Terrestrial heat from the bowels ensures the transformation of organic matter in clayey rocks. On the way to hydrocarbon flow, a “hydrocarbon footprint” is formed. In the zone of this “trace”, glauconite forms in the presence of hydrocarbons, in addition to the appearance of pyrolusite, pyrochlore, often uranium pyrochloreplumbopirochlore and strontium pyrochlore; meanwhile, ferruginous minerals become converted. In zones of intense heat and hydrocarbon flow, new formations appear in the form of phenocrysts (impregnations), intergrowths of crystals.
At subsequent stages, biotite, ilmenite and calcite are formed in the hydrocarbon flow zone. In the central zone of the “hydrocarbon footprint”, ferruginous minerals hematite, pyrite and magnesioferrite are often found, and, in the far outer zones of the flow, pentahydrocalcite is sometimes formed.
In the zone where the concentration of hydrocarbons coming from the depths and from the oil source strata occurs (as a result of their compaction or dehydration of silty-clay deposits), a hydrocarbon deposit is slowly formed. In areas where hydrocarbons are collected, they are concentrated and converted. The concentration zone is characterized by lower temperatures (50–60 °C). Secondary processes include primarily the precipitation of clay minerals from fluid solution. Hydromicas and kaolinite precipitate. Kaolinite is probably formed as a result of the hydrolysis of CO2-containing silicate rocks with acidic solutions. Dickite, hydromica, illite and saussurite are found here. Kaolinite is the most representative in samples. Kaolinite is often fine-grained, granular. New formations of clay minerals are typical for peripheral zones of hydrocarbon deposits [2].
The formation of kaolinite is associated with periods of intensive growth of structures and mass flows of hydrocarbons up the section [3][4][5], and may be due, in the active tectonic phase, to the appearance of aggressive carbon dioxide solutions coming from the basement and lower horizons of the sedimentary cover. Kaolin formation occurs mainly due to the dissolution of detrital silicates and aluminosilicates of sandy–silty rocks. The formation of kaolinite is favored by high temperatures, pressure and the presence of protons in the solution (low pH values), while a carbonic environment, on the contrary, shifts the process in the opposite direction. The formation of kaolinite is known to be associated with the hydrolysis of silicate rocks:
2K[AlSi3Os] + 7H2O → Al2[Si2O5](OH)4 + 4H2SiO3 + 2КОН.
Clay minerals undergo hydrolysis under conditions of lowering the pH of formation waters, due to the release of CO2 and organic acids and during the decomposition of organic matter. According to previously published works [5][6][7], authigenic kaolinite is formed in a well-permeable medium mainly due to clay cement, consisting of hydromicas, hydromica–montmorillonite formations and chlorite. A more perfect structure, according to Sakhibgareev et al. [8], is possessed by kaolinite from aquifers, which is explained by the preservative effect of oil on authigenic mineral formation. Perfect aggregates of kaolinite are sometimes found in the contours of deposits [3]. Kaolinite formation is less common in oil-bearing reservoirs.

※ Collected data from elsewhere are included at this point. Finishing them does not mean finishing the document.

lemma cluster_meeting_core_mostly_inside:
  assumes "X \<in> Cs" "K \<inter> X \<noteq> {}"
  shows "real (card (X - K)) \<le> n / 10 + 2 * p"
proof -
  let ?A = "K \<inter> X" and ?R = "X - K"
  have fin_X: "finite X" using finite_cluster[OF assms(1)] .
  have "?A \<subseteq> V" using Cl_subset by blast
  then obtain u where "u \<in> ?A" and no_gain:
    "card (sym_diff (N u) (cluster_of Cs u) \<inter> ?A) + 2 * card (sym_diff (N u) (cluster_of Cs u) - ?A)
      \<le> card (?A - N u) + 2 * card (N u - ?A)"
    using exists_vertex_not_gaining_by_move[of ?A "{}"] assms by auto
  have "u \<in> K" using \<open>u \<in> ?A\<close> by blast
  have "cluster_of Cs u = X" using cluster_of_eq[OF partition assms(1)] \<open>u \<in> ?A\<close> by blast
  then have "sym_diff (N u) (cluster_of Cs u) \<inter> ?A = ?A - N u"
    by auto
  then have "card (sym_diff (N u) (cluster_of Cs u) \<inter> ?A) = card (?A - N u)"
    by simp
  moreover have "card (N u - X) + card (?R - N u) \<le> card (sym_diff (N u) (cluster_of Cs u) - ?A)"
    using \<open>cluster_of Cs u = X\<close> finite_N fin_X
    by (subst card_Un_disjoint[symmetric]) (auto intro!: card_mono)
  moreover have "card (N u - ?A) \<le> card (N u - X) + card (N u \<inter> ?R)"
    using finite_N by (intro card_le_add_if_subset_Un) auto
  moreover have "card ?R = card (N u \<inter> ?R) + card (?R - N u)"
    using fin_X card_Int_Diff[of ?R "N u"] by (simp add: Int_commute)
  moreover have "card (N u \<inter> ?R) \<le> card (N u - K)"
    using finite_N by (intro card_mono) auto
  ultimately show ?thesis
    using no_gain card_N_minus_K[of u] close_to_Cl_split[OF \<open>u \<in> K\<close>] by linarith
qed

lemma core_subset_cluster:
  assumes "X \<in> Cs" "real (card (K - X)) \<le> n / 10 + 2 * p" "real (card (X - K)) \<le> n / 10 + 2 * p"
  shows "K \<subseteq> X"
proof (rule ccontr)
  let ?A = "K \<inter> X" and ?B = "K - X" and ?R = "X - K"
  assume "\<not> K \<subseteq> X"
  moreover have "?B \<subseteq> V" using Cl_subset by blast
  ultimately obtain u where "u \<in> ?B" and no_gain:
    "card (sym_diff (N u) (cluster_of Cs u) \<inter> ?B) + 2 * card (sym_diff (N u) (cluster_of Cs u) - ?B)
      \<le> card (?B - N u) + 2 * card (sym_diff (N u) X - ?B)"
    using exists_vertex_not_gaining_by_move[of ?B X] assms(1) by blast
  have fin_X: "finite X" using finite_cluster[OF assms(1)] .
  have "u \<in> K" "u \<in> V" using \<open>u \<in> ?B\<close> Cl_subset by auto
  note own = cluster_of_mem[OF partition \<open>u \<in> V\<close>]
  have "cluster_of Cs u \<inter> X = {}"
    using own assms(1) \<open>u \<in> ?B\<close> partition_onD2[OF partition] unfolding disjoint_def by blast
  moreover have "finite (cluster_of Cs u)" using finite_cluster[OF own(1)] .
  ultimately have "card (N u \<inter> ?A) \<le> card (sym_diff (N u) (cluster_of Cs u) - ?B)"
    using finite_N by (intro card_mono) auto
  moreover have "card ?A = card (N u \<inter> ?A) + card (?A - N u)"
    using finite_Cl card_Int_Diff[of ?A "N u"] by (simp add: Int_commute)
  moreover have "card (?A - N u) \<le> card (Cl - N u)" and "card (?B - N u) \<le> card (Cl - N u)"
    using finite_Cl by (auto intro: card_mono)
  moreover have "card (sym_diff (N u) X - ?B) \<le> card (N u - K) + card (X - N u)"
    using finite_N fin_X by (intro card_le_add_if_subset_Un) auto
  moreover have "card (X - N u) \<le> card (Cl - N u) + card ?R"
    using finite_Cl fin_X by (intro card_le_add_if_subset_Un) auto
  moreover have "card K = card ?A + card ?B"
    using finite_Cl by (intro card_Int_Diff) simp
  ultimately show False
    using no_gain assms(2,3) card_K card_N_minus_K[of u] close_to_Cl_split[OF \<open>u \<in> K\<close>] P_small
    by linarith
qed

The maximum amount of kaolinite is observed in gas-saturated rocks. Minerals of the kaolinite and chlorite group are the most typical for unproductive sections. Hydromicas and montmorillonite formations are observed within oil deposits, often in the form of basal-pore cement, with predominantly random orientation of clay particles [3]. Organic matter adsorbed on clay material increases the stability of clay minerals [6][9]. When organic matter interacts with clay minerals, the fluid-resistant properties of screens increase significantly [3].
The post-sedimentary formation of chlorite minerals is facilitated by the development of anaerobic bacterial activity, accompanied by iron reduction and an increase in the pH of pore solutions, the increased content of which is often accompanied by a deterioration in the reservoir properties of rocks. Minerals of the hydromica group, including illite, are rare in oil-saturated reservoirs. In pelitomorphic rocks, the process of illitization is more likely. Illite formation is assumed to be more alkaline than kaolinite formation [10]. Among the epigenetic carbonates, calcite is the most common; siderite, dolomite and ankerite are common [11].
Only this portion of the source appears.